Vol.1では、グループ全体のセキュリティー態勢を一層向上するためにグループ横断的に専門知見を集約する組織として、Fusion Centerの概要、およびその主な目的と導入効果を説明しました。本稿Vol.2では、構想背景を踏まえ、Fusion Centerが有する主要機能を説明します。

Fusion Centerの機能

個別施策・ツールを導入する前にセキュリティー機能の全体像を整理し、機能の要否や各機能に求めるレベルを検討することが望ましいです。その際にはセキュリティー・フレームワーク（例：NIST Cyber Security Framework）に紐付けてセキュリティー機能を一覧化することで、Fusion Centerによる網羅的で一貫性の取れたセキュリティー対策が推進可能になると考えます。

Fusion Centerの機能

1. 施策実効性の確認・確保によるセキュリティー・ガバナンス

• 脅威インテリジェンス：企業グループのサイバー脅威を可視化するためには、攻撃者の動向（脅威動向）に関する情報を収集し、分析することが有用です。脅威動向を把握することで、サイバー攻撃の未然防止・早期対応に役立てることができます。脅威インテリジェンス（脆弱性の悪用情報・業界に対する脅威動向・他社へのサイバー攻撃事案等）はIT環境に依存せずグループ横断的に活用可能な場合が多いため、各社による個別対応ではなくFusion Centerに集約することが望ましいです。

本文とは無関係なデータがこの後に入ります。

lemma orth_proj_unique:
  fixes M :: "'a::euclidean_space set"
  assumes M: "subspace M" and y: "y \<in> M" and perp: "\<forall>z\<in>M. inner (x - y) z = 0"
  shows "orth_proj M x = y"
  unfolding orth_proj_def
proof (rule the_equality)
  show "y \<in> M \<and> (\<forall>z\<in>M. inner (x - y) z = 0)" using y perp ..
next
  fix y' assume y': "y' \<in> M \<and> (\<forall>z\<in>M. inner (x - y') z = 0)"
  have "y - y' \<in> M" using M y y' by (simp add: subspace_diff)
  then have "inner (y - y') (y - y') = inner (x - y') (y - y') - inner (x - y) (y - y')"
    and "inner (x - y') (y - y') = 0" "inner (x - y) (y - y') = 0"
    using perp y' by (auto simp: inner_diff_left)
  then show "y' = y" by simp
qed

lemma orth_proj:
  fixes M :: "'a::euclidean_space set"
  assumes M: "subspace M"
  shows "orth_proj M x \<in> M" and "\<forall>z\<in>M. inner (x - orth_proj M x) z = 0"
proof -
  obtain y z where y: "y \<in> span M" and z: "\<And>w. w \<in> span M \<Longrightarrow> orthogonal z w"
    and x: "x = y + z" using orthogonal_subspace_decomp_exists[of M x] by blast
  have "y \<in> M" using y M span_eq_iff by blast
  moreover have "\<forall>w\<in>M. inner (x - y) w = 0" using z x by (auto simp: orthogonal_def span_base)
  ultimately have "orth_proj M x = y" by (rule orth_proj_unique[OF M])
  with \<open>y \<in> M\<close> \<open>\<forall>w\<in>M. inner (x - y) w = 0\<close>
  show "orth_proj M x \<in> M" and "\<forall>z\<in>M. inner (x - orth_proj M x) z = 0" by simp_all
qed

lemma inner_orth_proj:
  fixes M :: "'a::euclidean_space set"
  assumes "subspace M" "x \<in> M"
  shows "inner x (orth_proj M v) = inner x v"
proof -
  have "inner x (v - orth_proj M v) = 0"
    using orth_proj(2)[OF assms(1)] assms(2) by (simp add: inner_commute)
  then show ?thesis by (simp add: inner_diff_right)
qed

lemma orthogonal_spanning_family_eq_0:
  fixes f :: "'i \<Rightarrow> 'a::real_inner"
  assumes "span (range f) = UNIV" "\<And>i. inner x (f i) = 0"
  shows "x = 0"
proof -
  have "orthogonal x x"
    by (rule orthogonal_to_span[of x "range f"]) (use assms in \<open>auto simp: orthogonal_def\<close>)
  then show ?thesis by (simp add: orthogonal_def)
qed

lemma exists_nonzero_vanishing_on:
  fixes f :: "'i \<Rightarrow> 'a::euclidean_space"
  assumes M: "subspace M" and A: "finite A" "card A < dim M"
  obtains x where "x \<in> M" "x \<noteq> 0" "\<And>i. i \<in> A \<Longrightarrow> inner x (f i) = 0"
proof -
  let ?P = "(\<lambda>i. orth_proj M (f i)) ` A"
  have "dim (span ?P) \<le> card ?P" by (rule dim_le_card) (simp_all add: A(1))
  with card_image_le[OF A(1)] have "dim (span ?P) \<le> card A" by (rule le_trans[rotated])
  moreover have "span ?P \<subseteq> M" by (rule span_minimal) (use M orth_proj(1)[OF M] in auto)
  ultimately have "span ?P \<subset> span M"
    using A(2) M span_eq_iff[of M] by (metis dual_order.order_iff_strict leD)
  then obtain x where x: "x \<noteq> 0" "x \<in> span M" and perp: "\<And>y. y \<in> span ?P \<Longrightarrow> orthogonal x y"
    using orthogonal_to_subspace_exists_gen by blast
  have "x \<in> M" using x M span_eq_iff by blast
  moreover have "inner x (f i) = 0" if "i \<in> A" for i
    using perp[of "orth_proj M (f i)"] that inner_orth_proj[OF M \<open>x \<in> M\<close>]
    by (simp add: span_base orthogonal_def)
  ultimately show ?thesis using that x by blast
qed

lemma span_orth_proj_image:
  fixes f :: "'i \<Rightarrow> 'a::euclidean_space"
  assumes f: "span (range f) = UNIV" and M: "subspace M"
  shows "span (range (\<lambda>i. orth_proj M (f i))) = M"
proof (rule ccontr)
  let ?P = "range (\<lambda>i. orth_proj M (f i))"
  assume "span ?P \<noteq> M"
  moreover have "span ?P \<subseteq> M" by (rule span_minimal) (use M orth_proj(1)[OF M] in auto)
  ultimately have "span ?P \<subset> span M" using M span_eq_iff[of M] by blast
  then obtain x where x: "x \<noteq> 0" "x \<in> span M" and perp: "\<And>y. y \<in> span ?P \<Longrightarrow> orthogonal x y"
    using orthogonal_to_subspace_exists_gen by blast
  have "x \<in> M" using x M span_eq_iff by blast
  then have "inner x (f i) = 0" for i
    using perp[of "orth_proj M (f i)"] inner_orth_proj[OF M] by (simp add: span_base orthogonal_def)
  then show False using orthogonal_spanning_family_eq_0[OF f] x by blast
qed

text \<open>The pairs correspond via (a, b) = (x + y, x - y): the coefficients of x and y have equal
  moduli exactly when those of x + y and x - y have product zero.\<close>

lemma phase_retrievable_iff_not_disjoint_support_pair:
  fixes f :: "'i \<Rightarrow> 'a::real_inner"
  assumes M: "subspace M"
  shows "(\<forall>x\<in>M. \<forall>y\<in>M. (\<forall>i. \<bar>inner x (f i)\<bar> = \<bar>inner y (f i)\<bar>) \<longrightarrow> x = y \<or> x = - y)
    \<longleftrightarrow> \<not> disjoint_support_pair f M"
  unfolding disjoint_support_pair_def
proof safe
  fix a b assume retr: "\<forall>x\<in>M. \<forall>y\<in>M. (\<forall>i. \<bar>inner x (f i)\<bar> = \<bar>inner y (f i)\<bar>) \<longrightarrow> x = y \<or> x = - y"
    and a: "a \<in> M" "a \<noteq> 0" and b: "b \<in> M" "b \<noteq> 0" and disj: "\<forall>i. inner a (f i) * inner b (f i) = 0"
  have "\<bar>inner (a + b) (f i)\<bar> = \<bar>inner (a - b) (f i)\<bar>" for i
    using disj[rule_format, of i] by (auto simp: inner_add_left inner_diff_left)
  then have "a + b = a - b \<or> a + b = - (a - b)"
    using retr a b M by (meson subspace_add subspace_diff)
  then have "2 *\<^sub>R b = 0 \<or> 2 *\<^sub>R a = 0" by (auto simp: algebra_simps scaleR_2)
  then show False using a b by simp
next
  fix x y assume no_pair: "\<not> (\<exists>a\<in>M. \<exists>b\<in>M. a \<noteq> 0 \<and> b \<noteq> 0 \<and> (\<forall>i. inner a (f i) * inner b (f i) = 0))"
    and x: "x \<in> M" and y: "y \<in> M" and eq: "\<forall>i. \<bar>inner x (f i)\<bar> = \<bar>inner y (f i)\<bar>" and "x \<noteq> - y"
  have "inner (x + y) (f i) * inner (x - y) (f i) = 0" for i
  proof -
    have "(inner x (f i))\<^sup>2 = (inner y (f i))\<^sup>2" using eq by (metis power2_abs)
    then show ?thesis by (simp add: inner_add_left inner_diff_left algebra_simps power2_eq_square)
  qed
  moreover have "x + y \<noteq> 0" using \<open>x \<noteq> - y\<close> by (metis eq_neg_iff_add_eq_0)
  ultimately have "x - y = 0" using no_pair x y M by (meson subspace_add subspace_diff)
  then show "x = y" by simp
qed

lemma F_PR_subspace_iff:
  fixes f :: "'i::finite \<Rightarrow> 'a::euclidean_space"
  assumes f: "span (range f) = UNIV" and M: "subspace M"
  shows "F_PR_subspace f UNIV M \<longleftrightarrow> \<not> disjoint_support_pair f M"
  unfolding F_PR_subspace_def PR_frame_def
  using M span_orth_proj_image[OF f M] phase_retrievable_iff_not_disjoint_support_pair[OF M]
  by (simp add: inner_orth_proj[OF M])

lemma dim_le_if_not_disjoint_support_pair:
  fixes f :: "'i::finite \<Rightarrow> 'a::euclidean_space"
  assumes M: "subspace M" and no_pair: "\<not> disjoint_support_pair f M"
  shows "2 * dim M \<le> CARD('i) + 1"
proof (rule ccontr)
  assume big: "\<not> 2 * dim M \<le> CARD('i) + 1"
  obtain A :: "'i set" where A: "card A = min (dim M - 1) CARD('i)"
    using obtain_subset_with_card_n[of "min (dim M - 1) CARD('i)" "UNIV :: 'i set"] by auto
  have "card A < dim M" using A big by (simp add: min_def) linarith
  then obtain a where a: "a \<in> M" "a \<noteq> 0" "\<And>i. i \<in> A \<Longrightarrow> inner a (f i) = 0"
    using exists_nonzero_vanishing_on[OF M finite] by blast
  have "card (UNIV - A) < dim M" using A big by (simp add: card_Diff_subset min_def) linarith
  then obtain b where b: "b \<in> M" "b \<noteq> 0" "\<And>i. i \<in> UNIV - A \<Longrightarrow> inner b (f i) = 0"
    using exists_nonzero_vanishing_on[OF M finite] by blast
  have "inner a (f i) * inner b (f i) = 0" for i using a b by (cases "i \<in> A") auto
  then show False using no_pair a b unfolding disjoint_support_pair_def by blast
qed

• Red Team：グループ各社に導入されたセキュリティーツール、およびそれらの運用プロセスが有効に機能しているかを検証するためには、チェックリストやヒアリングで確認するだけでは十分とはいえない場合があります。Red Teamによるペネトレーションテスト・TLPT（Threat Led Penetration Test）・脆弱性診断を実施することで、ツールが想定通り動作して攻撃を適切に防御・検知できるか、セキュリティーチームがプロセスに沿って適時に対応できるか、実践的に確認することができます。それにより、各社のセキュリティーツール及びプロセスの実効性を把握し、対策を立案することが可能になります。

• 企画・戦略立案：セキュリティー統制をグループ各社に一貫して適用させるために、グループとして目指すセキュリティーレベルを明示しロードマップを策定する役割が本社には求められます。各社個別に対策を検討するのではなく、脅威動向を踏まえ経営戦略と平仄を合わせて統括的なセキュリティー対策を本社が企画することで、経営とセキュリティーが直結した一貫したガバナンスを効かせることが期待できます。セキュリティー対策の定性的要件（ツールやサービスの導入等）をグループ各社に要請するだけでなく、業務深度に関する定量的要件（脆弱性対応時間やインシデント対応時間等の目標値）を提示し遵守状況を把握することが、実効性確保の観点で重要になります。

• リスク評価：グループ全体のリスク可視化は、常に重要な論点になります。各社の監視レポート・インシデント対応レポートを集約し脅威やインシデントの発生・対応状況を取りまとめることで、グループとして優先度高く取り組むべき直近のリスクを明らかにします。それにより経営層のリスク管理及び意思決定をサイバー攻撃対策の面でサポートします。さらに各社のセキュリティー対策ソリューション導入状況および運用報告書等を集約することで、セキュリティー要件の達成状況について一元的な把握が可能となります。これら情報収集を効率的に行うためには、手作業によるプロセス（メール・スプレッドシート）よりも、チケッティング・システムなどを活用しインシデント対応情報等を取りまとめることが効率的とされます。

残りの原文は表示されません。